=== DESCRIPTION OF THE TASK ===
Beginning with the first line of the data below, set down each line exactly through the line that contains "n \<sigma> P".

=== MATERIALS PROVIDED ===
definition f_fun :: "nat \<Rightarrow> complex mat \<Rightarrow> complex vec \<Rightarrow> complex" where
  "f_fun n \<sigma> x = (if (\<forall>j<n. x \<bullet> col \<sigma> j \<noteq> 0) then det \<sigma> / (\<Prod>j<n. x \<bullet> col \<sigma> j) else 0)"

definition f_op :: "nat \<Rightarrow> complex mat \<Rightarrow> coeffs \<Rightarrow> complex vec \<Rightarrow> complex" where
  "f_op n \<sigma> P x = (if (\<forall>j<n. x \<bullet> col \<sigma> j \<noteq> 0) then diff_op n P (f_fun n \<sigma>) x else 0)"

definition GL :: "nat \<Rightarrow> complex mat set" where
  "GL n = {A. A \<in> carrier_mat n n \<and> det A \<noteq> 0}"

definition sel_index :: "nat \<Rightarrow> complex mat \<Rightarrow> complex vec \<Rightarrow> nat" where
  "sel_index n A x = (LEAST j. j < n \<and> x \<bullet> col A j \<noteq> 0)"

text \<open>psi for an n-tuple (As 0, ..., As (n-1)) (= (A_1,...,A_n) in the paper).\<close>
definition psi :: "nat \<Rightarrow> (nat \<Rightarrow> complex mat) \<Rightarrow> coeffs \<Rightarrow> complex vec \<Rightarrow> complex" where
  "psi n As P x = (if x = 0\<^sub>v n then 0 else
     f_op n (mat n n (\<lambda>(i, k). col (As k) (sel_index n (As k) x) $ i)) P x)"

end

theory Submission
  imports Defs
begin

=== EXERCISE ANSWER ===
definition f_fun :: "nat \<Rightarrow> complex mat \<Rightarrow> complex vec \<Rightarrow> complex" where
  "f_fun n \<sigma> x = (if (\<forall>j<n. x \<bullet> col \<sigma> j \<noteq> 0) then det \<sigma> / (\<Prod>j<n. x \<bullet> col \<sigma> j) else 0)"

definition f_op :: "nat \<Rightarrow> complex mat \<Rightarrow> coeffs \<Rightarrow> complex vec \<Rightarrow> complex" where
  "f_op n \<sigma> P x = (if (\<forall>j<n. x \<bullet> col \<sigma> j \<noteq> 0) then diff_op n P (f_fun n \<sigma>) x else 0)"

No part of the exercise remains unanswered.